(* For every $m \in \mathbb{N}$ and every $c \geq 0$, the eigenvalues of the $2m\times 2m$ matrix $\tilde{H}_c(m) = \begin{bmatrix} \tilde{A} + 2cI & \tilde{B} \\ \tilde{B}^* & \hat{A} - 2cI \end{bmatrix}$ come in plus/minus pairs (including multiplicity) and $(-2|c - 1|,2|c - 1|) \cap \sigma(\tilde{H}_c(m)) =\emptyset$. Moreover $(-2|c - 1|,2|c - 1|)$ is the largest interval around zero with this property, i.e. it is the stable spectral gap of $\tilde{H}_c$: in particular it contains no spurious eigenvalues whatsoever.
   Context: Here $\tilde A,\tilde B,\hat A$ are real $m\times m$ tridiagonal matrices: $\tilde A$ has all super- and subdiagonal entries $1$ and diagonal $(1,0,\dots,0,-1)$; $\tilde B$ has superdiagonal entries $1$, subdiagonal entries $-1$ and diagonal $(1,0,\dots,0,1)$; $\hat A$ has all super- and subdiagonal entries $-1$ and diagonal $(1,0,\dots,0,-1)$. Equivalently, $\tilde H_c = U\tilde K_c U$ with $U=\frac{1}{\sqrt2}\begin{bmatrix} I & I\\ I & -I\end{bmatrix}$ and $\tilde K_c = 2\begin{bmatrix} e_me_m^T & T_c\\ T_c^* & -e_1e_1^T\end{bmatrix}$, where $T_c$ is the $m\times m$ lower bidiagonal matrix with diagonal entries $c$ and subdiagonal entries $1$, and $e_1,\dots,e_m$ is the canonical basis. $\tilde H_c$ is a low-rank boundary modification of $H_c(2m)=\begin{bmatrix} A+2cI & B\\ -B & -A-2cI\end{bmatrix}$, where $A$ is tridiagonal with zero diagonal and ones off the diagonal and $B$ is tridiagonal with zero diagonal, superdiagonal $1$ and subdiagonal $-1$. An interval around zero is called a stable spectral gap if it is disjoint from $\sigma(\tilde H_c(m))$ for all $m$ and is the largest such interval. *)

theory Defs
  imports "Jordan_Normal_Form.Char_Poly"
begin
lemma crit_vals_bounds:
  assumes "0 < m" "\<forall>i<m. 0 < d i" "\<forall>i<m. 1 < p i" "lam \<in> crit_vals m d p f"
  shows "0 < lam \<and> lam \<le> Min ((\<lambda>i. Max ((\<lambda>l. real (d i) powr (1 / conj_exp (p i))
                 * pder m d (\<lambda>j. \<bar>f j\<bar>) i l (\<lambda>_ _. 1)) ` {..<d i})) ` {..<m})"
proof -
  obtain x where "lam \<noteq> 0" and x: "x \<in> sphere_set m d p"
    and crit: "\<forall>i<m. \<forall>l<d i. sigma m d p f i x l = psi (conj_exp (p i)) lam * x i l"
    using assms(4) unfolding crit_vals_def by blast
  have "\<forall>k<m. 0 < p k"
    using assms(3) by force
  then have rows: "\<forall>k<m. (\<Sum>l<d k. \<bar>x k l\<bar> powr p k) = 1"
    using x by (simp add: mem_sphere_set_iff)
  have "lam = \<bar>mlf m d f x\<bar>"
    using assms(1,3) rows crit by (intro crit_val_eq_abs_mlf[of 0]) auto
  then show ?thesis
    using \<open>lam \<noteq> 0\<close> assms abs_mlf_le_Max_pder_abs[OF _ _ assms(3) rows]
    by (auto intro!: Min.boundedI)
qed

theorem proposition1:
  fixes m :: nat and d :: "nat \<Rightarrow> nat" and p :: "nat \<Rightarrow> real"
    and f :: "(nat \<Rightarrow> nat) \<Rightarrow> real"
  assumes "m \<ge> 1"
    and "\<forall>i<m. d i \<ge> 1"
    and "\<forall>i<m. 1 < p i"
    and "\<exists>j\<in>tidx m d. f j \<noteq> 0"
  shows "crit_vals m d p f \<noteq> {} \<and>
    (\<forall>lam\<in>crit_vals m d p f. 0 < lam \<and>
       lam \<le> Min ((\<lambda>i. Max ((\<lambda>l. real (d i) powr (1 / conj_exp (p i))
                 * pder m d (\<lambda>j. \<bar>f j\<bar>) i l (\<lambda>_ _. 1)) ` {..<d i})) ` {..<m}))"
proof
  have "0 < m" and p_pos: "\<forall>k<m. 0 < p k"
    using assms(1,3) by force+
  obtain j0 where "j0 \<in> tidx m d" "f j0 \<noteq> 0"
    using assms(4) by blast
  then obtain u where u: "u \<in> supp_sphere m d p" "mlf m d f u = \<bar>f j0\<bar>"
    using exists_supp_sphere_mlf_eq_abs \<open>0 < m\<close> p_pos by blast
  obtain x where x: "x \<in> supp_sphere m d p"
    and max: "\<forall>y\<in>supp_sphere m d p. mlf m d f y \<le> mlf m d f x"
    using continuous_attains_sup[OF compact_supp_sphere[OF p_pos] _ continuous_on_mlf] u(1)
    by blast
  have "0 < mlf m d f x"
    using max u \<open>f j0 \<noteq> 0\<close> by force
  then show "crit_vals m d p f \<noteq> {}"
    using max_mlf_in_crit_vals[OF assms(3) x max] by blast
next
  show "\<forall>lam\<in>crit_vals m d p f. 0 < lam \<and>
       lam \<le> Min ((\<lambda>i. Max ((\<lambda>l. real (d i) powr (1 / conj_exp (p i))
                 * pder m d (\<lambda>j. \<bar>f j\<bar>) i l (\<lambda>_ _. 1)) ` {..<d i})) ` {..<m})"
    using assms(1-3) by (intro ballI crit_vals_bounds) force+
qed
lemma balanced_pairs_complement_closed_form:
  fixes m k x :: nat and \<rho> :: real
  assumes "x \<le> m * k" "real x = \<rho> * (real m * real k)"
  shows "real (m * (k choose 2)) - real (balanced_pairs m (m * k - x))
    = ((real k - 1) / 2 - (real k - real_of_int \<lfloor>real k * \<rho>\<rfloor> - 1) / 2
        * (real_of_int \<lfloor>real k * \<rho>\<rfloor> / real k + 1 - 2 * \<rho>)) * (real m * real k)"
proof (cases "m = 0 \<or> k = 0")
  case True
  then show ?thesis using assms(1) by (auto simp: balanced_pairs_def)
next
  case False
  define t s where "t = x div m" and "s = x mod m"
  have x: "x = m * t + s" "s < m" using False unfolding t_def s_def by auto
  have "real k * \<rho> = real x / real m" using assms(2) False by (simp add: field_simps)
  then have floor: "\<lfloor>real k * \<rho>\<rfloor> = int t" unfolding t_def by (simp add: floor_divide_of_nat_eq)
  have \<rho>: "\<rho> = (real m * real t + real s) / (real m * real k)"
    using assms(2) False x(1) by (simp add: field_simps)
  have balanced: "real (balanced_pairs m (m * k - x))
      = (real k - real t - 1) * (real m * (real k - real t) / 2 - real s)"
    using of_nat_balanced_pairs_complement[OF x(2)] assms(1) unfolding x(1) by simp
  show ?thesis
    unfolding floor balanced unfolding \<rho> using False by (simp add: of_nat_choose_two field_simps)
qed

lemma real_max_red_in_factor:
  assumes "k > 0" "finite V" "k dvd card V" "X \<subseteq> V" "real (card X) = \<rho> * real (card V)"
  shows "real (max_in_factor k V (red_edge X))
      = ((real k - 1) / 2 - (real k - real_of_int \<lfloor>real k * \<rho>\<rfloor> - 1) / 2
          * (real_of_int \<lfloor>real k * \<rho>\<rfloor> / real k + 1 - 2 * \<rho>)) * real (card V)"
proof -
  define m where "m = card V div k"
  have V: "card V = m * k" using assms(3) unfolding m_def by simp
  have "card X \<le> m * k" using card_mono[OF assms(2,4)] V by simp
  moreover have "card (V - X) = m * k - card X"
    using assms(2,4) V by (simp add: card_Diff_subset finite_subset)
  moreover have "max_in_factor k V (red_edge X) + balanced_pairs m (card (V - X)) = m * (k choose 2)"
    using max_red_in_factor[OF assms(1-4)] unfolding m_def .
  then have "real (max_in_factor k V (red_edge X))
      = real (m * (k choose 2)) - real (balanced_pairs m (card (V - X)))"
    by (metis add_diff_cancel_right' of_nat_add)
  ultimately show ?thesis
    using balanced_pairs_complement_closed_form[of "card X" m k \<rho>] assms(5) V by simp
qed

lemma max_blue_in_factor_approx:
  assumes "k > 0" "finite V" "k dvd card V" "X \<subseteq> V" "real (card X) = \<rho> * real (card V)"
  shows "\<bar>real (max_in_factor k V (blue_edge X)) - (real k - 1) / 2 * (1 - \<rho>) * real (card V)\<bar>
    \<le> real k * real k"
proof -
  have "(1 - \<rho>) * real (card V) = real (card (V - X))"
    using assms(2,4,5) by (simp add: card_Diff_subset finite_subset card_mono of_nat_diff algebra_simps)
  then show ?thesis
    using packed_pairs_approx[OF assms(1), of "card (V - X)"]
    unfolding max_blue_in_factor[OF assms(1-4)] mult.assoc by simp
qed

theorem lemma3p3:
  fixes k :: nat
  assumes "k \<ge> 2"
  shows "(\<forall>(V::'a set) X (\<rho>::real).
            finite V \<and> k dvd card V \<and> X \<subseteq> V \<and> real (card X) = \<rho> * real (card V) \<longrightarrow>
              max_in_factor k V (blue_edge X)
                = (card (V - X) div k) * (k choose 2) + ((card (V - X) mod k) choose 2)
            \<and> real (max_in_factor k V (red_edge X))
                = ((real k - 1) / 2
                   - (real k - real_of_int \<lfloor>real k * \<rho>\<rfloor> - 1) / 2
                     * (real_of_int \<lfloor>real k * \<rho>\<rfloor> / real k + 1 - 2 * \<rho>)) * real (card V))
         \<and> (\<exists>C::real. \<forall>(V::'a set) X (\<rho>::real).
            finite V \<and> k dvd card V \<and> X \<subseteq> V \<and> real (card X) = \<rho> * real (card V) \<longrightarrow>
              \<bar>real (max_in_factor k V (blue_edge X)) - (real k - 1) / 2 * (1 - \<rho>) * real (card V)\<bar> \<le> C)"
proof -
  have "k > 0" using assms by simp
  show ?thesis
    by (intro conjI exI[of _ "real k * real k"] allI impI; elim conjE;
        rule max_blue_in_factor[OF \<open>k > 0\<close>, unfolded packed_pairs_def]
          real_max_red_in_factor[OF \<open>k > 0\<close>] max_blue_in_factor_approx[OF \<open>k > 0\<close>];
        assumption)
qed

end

Work item
For the string "False", tally the lines above that contain it and give only the figure.

Written response
5